*** Opening Exercise inputs ***

(* Let $\sigma\in\operatorname{Hom}(\pi_1(M),\mathrm{SU}(2))$, let $(x,y,z)=(\operatorname{tr}\sigma(X),\operatorname{tr}\sigma(Y),\operatorname{tr}\sigma(XY))$ and $k=\operatorname{tr}\sigma(K)$. Then $[\sigma]$ is a $\mathrm{Pin}(2)$ representation class but not a $\mathrm{Spin}(2)$ representation class if and only if $k\ne 2$ and at least two of $x,y,z$ are zero.
   Context: $M$ is a torus with one boundary component; $\pi_1(M)$ is the free group on $X,Y$ and $K=XYX^{-1}Y^{-1}$. One has $k=x^2+y^2+z^2-xyz-2$. Use the quaternionic model of $\mathrm{SU}(2)$: $1,\mathrm{i},\mathrm{j},\mathrm{k}$ denote the matrices $\begin{pmatrix}1&0\\0&1\end{pmatrix},\begin{pmatrix}i&0\\0&-i\end{pmatrix},\begin{pmatrix}0&1\\-1&0\end{pmatrix},\begin{pmatrix}0&i\\i&0\end{pmatrix}$. Set $\mathrm{Spin}(2)=\{\cos\theta+\sin\theta\,\mathrm{j}\}$, $\mathrm{Spin}_-(2)=\{\cos\theta\,\mathrm{k}+\sin\theta\,\mathrm{i}\}$, $\mathrm{Pin}(2)=\mathrm{Spin}(2)\cup\mathrm{Spin}_-(2)$ (the preimage of $\mathrm{O}(2)$ under $\mathrm{SU}(2)\to\mathrm{SO}(3)$). For a subgroup $G\subset\mathrm{SU}(2)$, a class $[\sigma]\in E=\operatorname{Hom}(\pi_1(M),\mathrm{SU}(2))/\mathrm{SU}(2)$ is a $G$ representation class if some representative of $[\sigma]$ takes values in $G$ (equivalently $\sigma(\pi_1(M))$ lies in a conjugate of $G$). Classes are determined by their trace coordinates $(x,y,z)$. *)

theory Defs
  imports "HOL-Analysis.Analysis"
begin

type_synonym cmat2 = "complex^2^2"

definition mat2 :: "complex \<Rightarrow> complex \<Rightarrow> complex \<Rightarrow> complex \<Rightarrow> cmat2" where
  "mat2 a b c d = (\<chi> i j. if i = 1 then (if j = 1 then a else b) else (if j = 1 then c else d))"

definition ctrans :: "cmat2 \<Rightarrow> cmat2" where
  "ctrans A = (\<chi> i j. cnj (A $ j $ i))"

definition SU2 :: "cmat2 set" where
  "SU2 = {A. A ** ctrans A = mat 1 \<and> det A = 1}"

definition q1 :: cmat2 where "q1 = mat2 1 0 0 1"
definition qi :: cmat2 where "qi = mat2 \<i> 0 0 (- \<i>)"
definition qj :: cmat2 where "qj = mat2 0 1 (-1) 0"
definition qk :: cmat2 where "qk = mat2 0 \<i> \<i> 0"

definition Spin2 :: "cmat2 set" where
  "Spin2 = {cos t *\<^sub>R q1 + sin t *\<^sub>R qj | t. True}"
definition Spin2_minus :: "cmat2 set" where
  "Spin2_minus = {cos t *\<^sub>R qk + sin t *\<^sub>R qi | t. True}"
definition Pin2 :: "cmat2 set" where
  "Pin2 = Spin2 \<union> Spin2_minus"

text \<open>A homomorphism from the free group on X, Y to SU(2) is determined by
  the pair (A,B) = (sigma(X), sigma(Y)). Its image sigma(pi_1(M)) is the subgroup
  generated by A and B, described here as all values of words in X, Y.\<close>
inductive_set rep_image :: "cmat2 \<Rightarrow> cmat2 \<Rightarrow> cmat2 set" for A B where
  one: "mat 1 \<in> rep_image A B"
| genX: "A \<in> rep_image A B"
| genY: "B \<in> rep_image A B"
| mult: "u \<in> rep_image A B \<Longrightarrow> v \<in> rep_image A B \<Longrightarrow> u ** v \<in> rep_image A B"
| inv: "u \<in> rep_image A B \<Longrightarrow> matrix_inv u \<in> rep_image A B"

definition is_G_class :: "cmat2 set \<Rightarrow> cmat2 \<Rightarrow> cmat2 \<Rightarrow> bool" where
  "is_G_class G A B \<longleftrightarrow>
     (\<exists>g\<in>SU2. \<forall>u\<in>rep_image A B. g ** u ** matrix_inv g \<in> G)"

end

*** Closing Exercise inputs ***

◆ Work to be completed: Set the entries down again exactly, beginning with their first line and ending with the line that contains "A ** ctrans"; omit all other lines.

◆ Solution to this problem:
(* Let $\sigma\in\operatorname{Hom}(\pi_1(M),\mathrm{SU}(2))$, let $(x,y,z)=(\operatorname{tr}\sigma(X),\operatorname{tr}\sigma(Y),\operatorname{tr}\sigma(XY))$ and $k=\operatorname{tr}\sigma(K)$. Then $[\sigma]$ is a $\mathrm{Pin}(2)$ representation class but not a $\mathrm{Spin}(2)$ representation class if and only if $k\ne 2$ and at least two of $x,y,z$ are zero.
   Context: $M$ is a torus with one boundary component; $\pi_1(M)$ is the free group on $X,Y$ and $K=XYX^{-1}Y^{-1}$. One has $k=x^2+y^2+z^2-xyz-2$. Use the quaternionic model of $\mathrm{SU}(2)$: $1,\mathrm{i},\mathrm{j},\mathrm{k}$ denote the matrices $\begin{pmatrix}1&0\\0&1\end{pmatrix},\begin{pmatrix}i&0\\0&-i\end{pmatrix},\begin{pmatrix}0&1\\-1&0\end{pmatrix},\begin{pmatrix}0&i\\i&0\end{pmatrix}$. Set $\mathrm{Spin}(2)=\{\cos\theta+\sin\theta\,\mathrm{j}\}$, $\mathrm{Spin}_-(2)=\{\cos\theta\,\mathrm{k}+\sin\theta\,\mathrm{i}\}$, $\mathrm{Pin}(2)=\mathrm{Spin}(2)\cup\mathrm{Spin}_-(2)$ (the preimage of $\mathrm{O}(2)$ under $\mathrm{SU}(2)\to\mathrm{SO}(3)$). For a subgroup $G\subset\mathrm{SU}(2)$, a class $[\sigma]\in E=\operatorname{Hom}(\pi_1(M),\mathrm{SU}(2))/\mathrm{SU}(2)$ is a $G$ representation class if some representative of $[\sigma]$ takes values in $G$ (equivalently $\sigma(\pi_1(M))$ lies in a conjugate of $G$). Classes are determined by their trace coordinates $(x,y,z)$. *)

theory Defs
  imports "HOL-Analysis.Analysis"
begin

type_synonym cmat2 = "complex^2^2"

definition mat2 :: "complex \<Rightarrow> complex \<Rightarrow> complex \<Rightarrow> complex \<Rightarrow> cmat2" where
  "mat2 a b c d = (\<chi> i j. if i = 1 then (if j = 1 then a else b) else (if j = 1 then c else d))"

definition ctrans :: "cmat2 \<Rightarrow> cmat2" where
  "ctrans A = (\<chi> i j. cnj (A $ j $ i))"

definition SU2 :: "cmat2 set" where
  "SU2 = {A. A ** ctrans A = mat 1 \<and> det A = 1}"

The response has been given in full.